(Collected data entries)
(* Assume the general single-user setting below and let $T=\tau_n+D_n$. For $1\le\tau\le T$ and each state $i$, let $e^*(\tau,i)$ denote the smallest element of $\mathcal E$ attaining the maximum in the recursion defining $V(0,\tau,i)$. Then $$e^*(\tau+1,i)\le e^*(\tau,i)\qquad\text{for all states } i \text{ and all } 1\le\tau<T.$$
   Context: General single-user setting (perfect prediction): fix $\beta\ge0$, $\lambda\ge0$ and integers $\tau_n\ge1$, $D_n\ge0$. The channel is a finite-state Markov chain on $\{1,\dots,K\}$ with transition matrix $(P^{i,j})$. $\mathcal E\subset[0,\infty)$ is a finite set of resource levels containing $0$ and at least one positive element. For each state $i$, $\zeta(i,\cdot):\mathcal E\to[0,1]$ is the transmission success probability, with $\zeta(i,0)=0$, $\zeta(i,e)>0$ for $e>0$, and $\zeta(i,\cdot)$ is the restriction to $\mathcal E$ of a concave, strictly increasing function. The value function is defined by $V(0,0,i)=0$ and, for $1\le\tau\le\tau_n+D_n$, $$V(0,\tau,i)=\max_{e\in\mathcal E}\Big\{-\lambda e+\zeta(i,e)\beta+(1-\zeta(i,e))\sum_{j}P^{i,j}V(0,\tau-1,j)\Big\}.$$ Here $\tau$ is the remaining time to deadline of an undelivered packet, $i$ the current channel state, $\beta$ the delivery reward and $\lambda$ the per-unit resource cost. *)

theory Defs
  imports "HOL-Analysis.Analysis"
begin

text \<open>Channel states are the elements of a finite type 's (standing for {1..K}).
  P i j is the transition probability, zeta i e the success probability,
  beta the delivery reward, lam the per-unit resource cost, E the resource levels.\<close>

definition objective ::
  "real \<Rightarrow> real \<Rightarrow> ('s::finite \<Rightarrow> 's \<Rightarrow> real) \<Rightarrow> ('s \<Rightarrow> real \<Rightarrow> real)
     \<Rightarrow> ('s \<Rightarrow> real) \<Rightarrow> 's \<Rightarrow> real \<Rightarrow> real" where
  "objective beta lam P zeta W i e =
     - lam * e + zeta i e * beta + (1 - zeta i e) * (\<Sum>j\<in>UNIV. P i j * W j)"

text \<open>V beta lam P E zeta tau i is V(0,tau,i) of the paper.\<close>
fun V :: "real \<Rightarrow> real \<Rightarrow> ('s::finite \<Rightarrow> 's \<Rightarrow> real) \<Rightarrow> real set
     \<Rightarrow> ('s \<Rightarrow> real \<Rightarrow> real) \<Rightarrow> nat \<Rightarrow> 's \<Rightarrow> real" where
  "V beta lam P E zeta 0 i = 0"
| "V beta lam P E zeta (Suc t) i =
     Max ((\<lambda>e. objective beta lam P zeta (V beta lam P E zeta t) i e) ` E)"

text \<open>e*(tau,i): smallest element of E attaining the maximum in the recursion for V(0,tau,i),
  for tau \<ge> 1 (the recursion uses V(0,tau-1,.)).\<close>
definition estar :: "real \<Rightarrow> real \<Rightarrow> ('s::finite \<Rightarrow> 's \<Rightarrow> real) \<Rightarrow> real set
     \<Rightarrow> ('s \<Rightarrow> real \<Rightarrow> real) \<Rightarrow> nat \<Rightarrow> 's \<Rightarrow> real" where
  "estar beta lam P E zeta tau i =
     Min {e \<in> E. \<forall>e'\<in>E.
        objective beta lam P zeta (V beta lam P E zeta (tau - 1)) i e'
          \<le> objective beta lam P zeta (V beta lam P E zeta (tau - 1)) i e}"

end

theory Submission
  imports Defs
begin

text \<open>The objective at \<open>V(0,\<tau>,i)\<close> has the form \<open>g e + (1 - \<zeta>(i,e)) s\<close>, where \<open>s\<close> is the expected
  continuation value \<open>\<Sum>\<^sub>j P\<^sup>i\<^sup>j V(0,\<tau>-1,j)\<close>. Since \<open>\<zeta>(i,\<cdot>)\<close> is increasing, the weight \<open>1 - \<zeta>(i,e)\<close>
  decreases in \<open>e\<close>, so a larger continuation value can only move the least maximiser down
  (monotone comparative statics). It remains to see that the continuation value grows with
  \<open>\<tau>\<close>: \<open>V(0,\<tau>,j) \<le> V(0,\<tau>+1,j)\<close>, proved by induction, since spending nothing is always
  admissible and the objective is monotone in the continuation values.\<close>

lemma least_maximiser_antimono:
  fixes g h :: "real \<Rightarrow> real" and s s' :: real
  assumes "finite E" and "E \<noteq> {}"
    and h_antimono: "\<And>x y. x \<in> E \<Longrightarrow> y \<in> E \<Longrightarrow> x \<le> y \<Longrightarrow> h y \<le> h x"
    and "s \<le> s'"
  shows "Min {e \<in> E. \<forall>e'\<in>E. g e' + h e' * s' \<le> g e + h e * s'}
           \<le> Min {e \<in> E. \<forall>e'\<in>E. g e' + h e' * s \<le> g e + h e * s}"
proof -
  define f where "f t e = g e + h e * t" for t e
  define M where "M t = {e \<in> E. \<forall>e'\<in>E. f t e' \<le> f t e}" for t
  have M_ne: "M t \<noteq> {}" for t
  proof -
    have "Max (f t ` E) \<in> f t ` E"
      using \<open>finite E\<close> \<open>E \<noteq> {}\<close> by (intro Max_in) auto
    then obtain m where "m \<in> E" "f t m = Max (f t ` E)" by auto
    then have "m \<in> M t" using \<open>finite E\<close> by (simp add: M_def)
    then show ?thesis by blast
  qed
  have M_fin: "finite (M t)" for t using \<open>finite E\<close> by (simp add: M_def)
  define e e' where "e = Min (M s)" and "e' = Min (M s')"
  have e: "e \<in> M s" and e': "e' \<in> M s'"
    unfolding e_def e'_def using M_ne M_fin by (auto intro: Min_in)
  have "e' \<le> e"
  proof (rule ccontr)
    assume "\<not> e' \<le> e"
    then have "e < e'" by simp
    then have "e \<notin> M s'" using Min_le[OF M_fin, of e s'] by (auto simp: e'_def)
    then have strict: "f s' e < f s' e'" using e e' by (force simp: M_def)
    have "f s e' \<le> f s e" using e e' by (simp add: M_def)
    moreover have "0 \<le> (h e - h e') * (s' - s)"
      using h_antimono e e' \<open>e < e'\<close> \<open>s \<le> s'\<close> by (simp add: M_def)
    moreover have "f s' e' - f s' e = (f s e' - f s e) - (h e - h e') * (s' - s)"
      by (simp add: f_def algebra_simps)
    ultimately show False using strict by linarith
  qed
  then show ?thesis by (simp add: e_def e'_def M_def f_def)
qed

lemma objective_mono_continuation:
  assumes "\<forall>i j. P i j \<ge> 0" and "zeta i e \<le> 1" and "\<And>j. W j \<le> W' j"
  shows "objective beta lam P zeta W i e \<le> objective beta lam P zeta W' i e"
proof -
  have "(\<Sum>j\<in>UNIV. P i j * W j) \<le> (\<Sum>j\<in>UNIV. P i j * W' j)"
    using assms by (intro sum_mono mult_left_mono) auto
  then show ?thesis
    using \<open>zeta i e \<le> 1\<close> by (simp add: objective_def mult_left_mono)
qed

lemma V_le_V_Suc:
  fixes P :: "'s::finite \<Rightarrow> 's \<Rightarrow> real"
  assumes P_nonneg: "\<forall>i j. P i j \<ge> 0"
    and "finite E" and "0 \<in> E"
    and zeta_le_1: "\<forall>i. \<forall>e\<in>E. zeta i e \<le> 1"
    and "\<forall>i. zeta i 0 = 0"
  shows "V beta lam P E zeta t j \<le> V beta lam P E zeta (Suc t) j"
proof (induction t arbitrary: j)
  case 0
  have "objective beta lam P zeta (V beta lam P E zeta 0) j 0 = 0"
    using \<open>\<forall>i. zeta i 0 = 0\<close> by (simp add: objective_def)
  then show ?case
    using \<open>finite E\<close> \<open>0 \<in> E\<close> Max_ge[of _ 0] by force
next
  case (Suc t)
  have "objective beta lam P zeta (V beta lam P E zeta t) j e \<le> V beta lam P E zeta (Suc (Suc t)) j"
    if "e \<in> E" for e
  proof -
    have "objective beta lam P zeta (V beta lam P E zeta t) j e
            \<le> objective beta lam P zeta (V beta lam P E zeta (Suc t)) j e"
      using P_nonneg zeta_le_1 \<open>e \<in> E\<close> Suc.IH by (intro objective_mono_continuation) auto
    also have "\<dots> \<le> V beta lam P E zeta (Suc (Suc t)) j"
      using \<open>finite E\<close> \<open>e \<in> E\<close> by simp
    finally show ?thesis .
  qed
  then show ?case
    using \<open>finite E\<close> \<open>0 \<in> E\<close> by (auto intro: Max.boundedI)
qed

theorem theorem6:
  fixes beta lam :: real
    and tau_n D_n :: nat
    and P :: "'s::finite \<Rightarrow> 's \<Rightarrow> real"
    and E :: "real set"
    and zeta :: "'s \<Rightarrow> real \<Rightarrow> real"
  assumes "beta \<ge> 0" and "lam \<ge> 0" and "tau_n \<ge> 1"
    and P_nonneg: "\<forall>i j. P i j \<ge> 0"
    and P_stoch: "\<forall>i. (\<Sum>j\<in>UNIV. P i j) = 1"
    and E_fin: "finite E" and E_nonneg: "E \<subseteq> {0..}" and "0 \<in> E"
    and "\<exists>e\<in>E. e > 0"
    and zeta_range: "\<forall>i. \<forall>e\<in>E. 0 \<le> zeta i e \<and> zeta i e \<le> 1"
    and zeta_zero: "\<forall>i. zeta i 0 = 0"
    and zeta_pos: "\<forall>i. \<forall>e\<in>E. e > 0 \<longrightarrow> zeta i e > 0"
    and zeta_conc: "\<forall>i. \<exists>f. concave_on {0..} f \<and> strict_mono_on {0..} f
                         \<and> (\<forall>e\<in>E. zeta i e = f e)"
  shows "\<forall>i. \<forall>tau. 1 \<le> tau \<and> tau < tau_n + D_n \<longrightarrow>
           estar beta lam P E zeta (tau + 1) i \<le> estar beta lam P E zeta tau i"
proof (intro allI impI)
  fix i tau assume "1 \<le> tau \<and> tau < tau_n + D_n"
  then obtain t where t: "tau = Suc t" by (cases tau) auto
  obtain f where f: "strict_mono_on {0..} f" "\<forall>e\<in>E. zeta i e = f e"
    using zeta_conc by blast
  have weight_antimono: "1 - zeta i y \<le> 1 - zeta i x" if "x \<in> E" "y \<in> E" "x \<le> y" for x y
    using f that E_nonneg strict_mono_on_leD[OF f(1)] by fastforce
  have continuation_mono: "(\<Sum>j\<in>UNIV. P i j * V beta lam P E zeta t j)
                              \<le> (\<Sum>j\<in>UNIV. P i j * V beta lam P E zeta (Suc t) j)"
    using P_nonneg E_fin \<open>0 \<in> E\<close> zeta_range zeta_zero
    by (intro sum_mono mult_left_mono V_le_V_Suc) auto
  show "estar beta lam P E zeta (tau + 1) i \<le> estar beta lam P E zeta tau i"
    using least_maximiser_antimono[where g = "\<lambda>e. - lam * e + zeta i e * beta"
        and h = "\<lambda>e. 1 - zeta i e", OF E_fin _ weight_antimono continuation_mono] \<open>0 \<in> E\<close>
    by (auto simp: estar_def objective_def t)
qed

end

- **TASK BRIEF**
Look through the entries above, find each line containing "lemma", and copy it.

- **ANSWER SECTION**
lemma least_maximiser_antimono:
lemma objective_mono_continuation:
lemma V_le_V_Suc:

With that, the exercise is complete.